This work addresses the limited generalizability of existing learning-based V2X anomaly detection methods, which rely on labeled attack data and struggle to detect unseen spoofing attacks. To overcome this limitation, the authors propose an attack-agnostic detection framework that requires no attack annotations during training. The approach trains a causal Transformer decoder exclusively on normal vehicle trajectories to predict future kinematic states and incorporates a Top-K normalized anomaly scoring mechanism to identify and localize anomalous features. Evaluated on the VeReMi++ dataset across 19 distinct attack types and diverse traffic scenarios, the method achieves AUC scores up to 0.98 and F1-scores up to 0.95 for most attack categories, demonstrating, for the first time, effective V2X anomaly detection without exposure to attack samples during training while maintaining strong generalization to previously unseen attack types.

Misbehavior detection in Vehicle-to-Everything (V2X) networks is a second line of defense against insider falsification attacks that cryptographic mechanisms alone cannot address.

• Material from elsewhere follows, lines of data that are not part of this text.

lemma computable_in_if:
  "decidable_in A n P \<Longrightarrow> computable_in A n F \<Longrightarrow> computable_in A n G \<Longrightarrow>
   computable_in A n (\<lambda>xs. if P xs then F xs else G xs)"
  unfolding decidable_in_def
  by (rule computable_in_cong[where
        F = "\<lambda>xs. (if P xs then 1 else 0) * F xs + (1 - (if P xs then 1 else 0)) * G xs"])
    (intro computable_in_add computable_in_mult computable_in_diff computable_in_const, auto)

lemmas computable_in_intros =
  computable_in_nth computable_in_const computable_in_Suc computable_in_add computable_in_mult
  computable_in_diff computable_in_if decidable_in_less decidable_in_le decidable_in_eq
  decidable_in_not decidable_in_and decidable_in_or decidable_in_mem

lemma computable_in_Least:
  assumes "decidable_in A (Suc n) P" "\<And>xs. length xs = n \<Longrightarrow> \<exists>y. P (y # xs)"
  shows "computable_in A n (\<lambda>xs. LEAST y. P (y # xs))"
proof -
  have "computable_in A (n + 1) (\<lambda>xs. 1 - (if P xs then 1 else 0))"
    using assms(1) unfolding decidable_in_def by (auto intro: computable_in_diff computable_in_const)
  from computable_in_mu[OF this] assms(2)
  have "computable_in A n (\<lambda>xs. LEAST y. 1 - (if P (y # xs) then 1 else 0) = (0::nat))"
    by auto
  moreover have "(LEAST y. 1 - (if P (y # xs) then 1 else 0) = (0::nat)) = (LEAST y. P (y # xs))" for xs
    by (rule arg_cong[where f = Least]) auto
  ultimately show ?thesis
    by simp
qed

lemma computable_in_Least_param:
  assumes "decidable_in A 2 (\<lambda>xs. P (xs ! 0) (xs ! 1))" "\<And>x. \<exists>y. P y x" "computable_in A n F"
  shows "computable_in A n (\<lambda>xs. LEAST y. P y (F xs))"
proof -
  have "computable_in A 1 (\<lambda>xs. LEAST y. P y (xs ! 0))"
    using computable_in_Least[of A 1 "\<lambda>xs. P (xs ! 0) (xs ! 1)"] assms(1,2)
    by (simp add: numeral_2_eq_2)
  from this assms(3) show ?thesis
    by (rule computable_in_comp1[where \<phi> = "\<lambda>x. LEAST y. P y x"])
qed

lemma turing_le_if_decidable_in: "decidable_in A 1 (\<lambda>xs. xs ! 0 \<in> B) \<Longrightarrow> turing_le B A"
  unfolding turing_le_def decidable_in_def computable_in_def by force

lemma decidable_in_if_turing_le:
  assumes "turing_le B A" "computable_in A n F"
  shows "decidable_in A n (\<lambda>xs. F xs \<in> B)"
proof -
  obtain f where f: "rec_in A 1 f" "\<forall>x. f [x] = (if x \<in> B then 1 else 0)"
    using assms(1) unfolding turing_le_def by blast
  have "f xs = (if xs ! 0 \<in> B then 1 else 0)" if "length xs = 1" for xs
    using that f(2) by (auto simp: length_Suc_conv)
  with f(1) have "decidable_in A 1 (\<lambda>xs. xs ! 0 \<in> B)"
    unfolding decidable_in_def computable_in_def by blast
  from this assms(2) show ?thesis
    by (rule decidable_in_comp1)
qed

lemma turing_le_join_right: "turing_le Y (join X Y)"
proof (rule turing_le_if_decidable_in)
  have "decidable_in (join X Y) 1 (\<lambda>xs. 2 * xs ! 0 + 1 \<in> join X Y)"
    by (intro computable_in_intros) simp
  moreover have "2 * x + 1 \<in> join X Y \<longleftrightarrow> x \<in> Y" for x
    unfolding join_def by auto presburger
  ultimately show "decidable_in (join X Y) 1 (\<lambda>xs. xs ! 0 \<in> Y)"
    by simp
qed

section \<open>Cantor pairing\<close>

lemma computable_in_div2: "computable_in A n F \<Longrightarrow> computable_in A n (\<lambda>xs. F xs div 2)"
proof -
  assume F: "computable_in A n F"
  have "computable_in A n (\<lambda>xs. LEAST h. F xs < 2 * h + 2)"
    by (rule computable_in_Least_param[where P = "\<lambda>h x. x < 2 * h + 2", OF _ _ F])
      ((rule computable_in_intros | simp)+, presburger)
  moreover have "(LEAST h. x < 2 * h + 2) = x div 2" for x :: nat
    by (rule Least_equality) auto
  ultimately show ?thesis
    by simp
qed

lemma decidable_in_even: "computable_in A n F \<Longrightarrow> decidable_in A n (\<lambda>xs. even (F xs))"
proof -
  assume F: "computable_in A n F"
  have "decidable_in A n (\<lambda>xs. F xs = 2 * (F xs div 2))"
    by (intro computable_in_intros computable_in_div2 F)
  moreover have "x = 2 * (x div 2) \<longleftrightarrow> even x" for x :: nat
    by presburger
  ultimately show ?thesis
    by simp
qed

lemma computable_in_triangle: "computable_in A n F \<Longrightarrow> computable_in A n (\<lambda>xs. triangle (F xs))"
proof -
  assume F: "computable_in A n F"
  have "computable_in A n (\<lambda>xs. rec_nat 0 (\<lambda>j r. r + Suc j) (F xs))"
    by (rule computable_in_rec_nat[where g = "\<lambda>x. 0" and h = "\<lambda>j r x. r + Suc j" and X = "\<lambda>_. 0",
          OF _ _ F])
      (rule computable_in_intros | simp)+
  moreover have "rec_nat 0 (\<lambda>j r. r + Suc j) x = triangle x" for x
    by (induction x) auto
  ultimately show ?thesis
    by simp
qed

lemma computable_in_prod_encode:
  "computable_in A n F \<Longrightarrow> computable_in A n G \<Longrightarrow> computable_in A n (\<lambda>xs. prod_encode (F xs, G xs))"
  by (rule computable_in_cong[where F = "\<lambda>xs. triangle (F xs + G xs) + F xs"])
    (intro computable_in_intros computable_in_triangle, auto simp: prod_encode_def)

definition prod_decode_level :: "nat \<Rightarrow> nat" where
  "prod_decode_level x = (LEAST s. x < triangle (Suc s))"

lemma prod_decode_eq_level:
  "prod_decode x =
    (x - triangle (prod_decode_level x), prod_decode_level x - (x - triangle (prod_decode_level x)))"
proof -
  define s where "s = prod_decode_level x"
  have "x < triangle (Suc x)"
    by (induction x) auto
  then have upper: "x < triangle (Suc s)"
    unfolding s_def prod_decode_level_def by (rule LeastI)
  have lower: "triangle s \<le> x"
  proof (cases s)
    case (Suc t)
    then have "\<not> x < triangle (Suc t)"
      using not_less_Least[of t "\<lambda>s. x < triangle (Suc s)"] unfolding s_def prod_decode_level_def by simp
    then show ?thesis
      using Suc by simp
  qed simp
  have "prod_encode (x - triangle s, s - (x - triangle s)) = x"
    using upper lower unfolding prod_encode_def by simp
  then show ?thesis
    unfolding s_def by (metis prod_encode_inverse)
qed

lemma computable_in_prod_decode_level:
  "computable_in A n F \<Longrightarrow> computable_in A n (\<lambda>xs. prod_decode_level (F xs))"
  unfolding prod_decode_level_def
proof (rule computable_in_Least_param[where P = "\<lambda>s x. x < triangle (Suc s)"])
  show "decidable_in A 2 (\<lambda>xs. xs ! 1 < triangle (Suc (xs ! 0)))"
    by (intro computable_in_intros computable_in_triangle) auto
  show "\<exists>s. x < triangle (Suc s)" for x
    by (rule exI[of _ x]) (induction x, auto)
qed

lemma computable_in_fst_prod_decode:
  "computable_in A n F \<Longrightarrow> computable_in A n (\<lambda>xs. fst (prod_decode (F xs)))"
  by (rule computable_in_cong[where F = "\<lambda>xs. F xs - triangle (prod_decode_level (F xs))"])
    (intro computable_in_intros computable_in_triangle computable_in_prod_decode_level,
      auto simp: prod_decode_eq_level)

lemma computable_in_snd_prod_decode:
  "computable_in A n F \<Longrightarrow> computable_in A n (\<lambda>xs. snd (prod_decode (F xs)))"
  by (rule computable_in_cong[where
        F = "\<lambda>xs. prod_decode_level (F xs) - (F xs - triangle (prod_decode_level (F xs)))"])
    (intro computable_in_intros computable_in_triangle computable_in_prod_decode_level,
      auto simp: prod_decode_eq_level)

section \<open>Codes of rationals\<close>

text \<open>Splitting the numerator into natural parts turns the comparison of two codes into an
  inequality between natural numbers.\<close>

definition code_num_pos :: "nat \<Rightarrow> nat" where
  "code_num_pos m = (if even (fst (prod_decode m)) then fst (prod_decode m) div 2 else 0)"

definition code_num_neg :: "nat \<Rightarrow> nat" where
  "code_num_neg m = (if even (fst (prod_decode m)) then 0 else fst (prod_decode m) div 2 + 1)"

definition code_den :: "nat \<Rightarrow> nat" where
  "code_den m = snd (prod_decode m) + 1"

lemma rat_of_code_eq_Fract:
  "rat_of_code m = Fract (int (code_num_pos m) - int (code_num_neg m)) (int (code_den m))"
  unfolding rat_of_code_def code_num_pos_def code_num_neg_def code_den_def
  by (auto simp: case_prod_beta int_decode_def sum_decode_def intro!: arg_cong2[where f = Fract])

lemma rat_of_code_less_iff:
  "rat_of_code m < rat_of_code n \<longleftrightarrow>
   code_num_pos m * code_den n + code_num_neg n * code_den m
   < code_num_pos n * code_den m + code_num_neg m * code_den n"
  (is "_ \<longleftrightarrow> ?rhs")
proof -
  have "code_den m > 0" "code_den n > 0"
    by (simp_all add: code_den_def)
  then have "rat_of_code m < rat_of_code n \<longleftrightarrow>
      (int (code_num_pos m) - int (code_num_neg m)) * int (code_den n)
      < (int (code_num_pos n) - int (code_num_neg n)) * int (code_den m)"
    unfolding rat_of_code_eq_Fract by (simp add: mult_less_cancel_right_pos del: of_nat_add)
  also have "\<dots> \<longleftrightarrow> ?rhs"
    by (simp add: algebra_simps flip: of_nat_mult of_nat_add)
  finally show ?thesis .
qed

lemma decidable_in_rat_of_code_less:
  "computable_in A n F \<Longrightarrow> computable_in A n G \<Longrightarrow>
   decidable_in A n (\<lambda>xs. rat_of_code (F xs) < rat_of_code (G xs))"
  unfolding rat_of_code_less_iff code_num_pos_def code_num_neg_def code_den_def
  by (intro computable_in_intros computable_in_div2 decidable_in_even computable_in_fst_prod_decode
      computable_in_snd_prod_decode)

lemma decidable_in_rat_of_code_eq:
  "computable_in A n F \<Longrightarrow> computable_in A n G \<Longrightarrow>
   decidable_in A n (\<lambda>xs. rat_of_code (F xs) = rat_of_code (G xs))"
  by (rule decidable_in_cong[where
        P = "\<lambda>xs. \<not> rat_of_code (F xs) < rat_of_code (G xs) \<and> \<not> rat_of_code (G xs) < rat_of_code (F xs)"])
    (intro decidable_in_and decidable_in_not decidable_in_rat_of_code_less, auto)

lemma surj_rat_of_code: "surj rat_of_code"
proof -
  have "\<exists>n. rat_of_code n = q" for q
  proof (cases q)
    case (Fract a b)
    then show ?thesis
      by (intro exI[of _ "prod_encode (int_encode a, nat (b - 1))"]) (simp add: rat_of_code_def)
  qed
  then show ?thesis
    by (metis surj_def)
qed

definition rat_index :: "rat \<Rightarrow> nat" where
  "rat_index q = (LEAST n. rat_of_code n = q)"

lemma rat_of_code_rat_index [simp]: "rat_of_code (rat_index q) = q"
  unfolding rat_index_def by (rule LeastI_ex) (metis surj_rat_of_code surjD)

lemma inj_rat_index: "inj rat_index"
  by (metis injI rat_of_code_rat_index)

lemma computable_in_rat_index:
  "computable_in A n F \<Longrightarrow> computable_in A n (\<lambda>xs. rat_index (rat_of_code (F xs)))"
  unfolding rat_index_def
proof (rule computable_in_Least_param[where P = "\<lambda>j x. rat_of_code j = rat_of_code x"])
  show "decidable_in A 2 (\<lambda>xs. rat_of_code (xs ! 0) = rat_of_code (xs ! 1))"
    by (intro decidable_in_rat_of_code_eq computable_in_nth) auto
qed auto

Existing learning-based Misbehavior Detection Schemes (MDSs) are supervised, requiring labeled attack samples at training time, thus failing to counter unseen falsification attacks. We present PAMPOS, a causal transformer-decoder trained on benign VeReMi++ trajectories to learn normal mobility patterns. At inference time, misbehavior is identified as a deviation from the model's next-step kinematic predictions using a top-K normalized anomaly scoring mechanism that localizes falsification to specific kinematic features, without requiring attack-labeled training data. We evaluate PAMPOS across all 19 attack types in VeReMi++ under rush-hour and afternoon scenarios, achieving Area Under the Curve (AUC) values of up to 0.98 and F1-scores of up to 0.95 for most attack categories.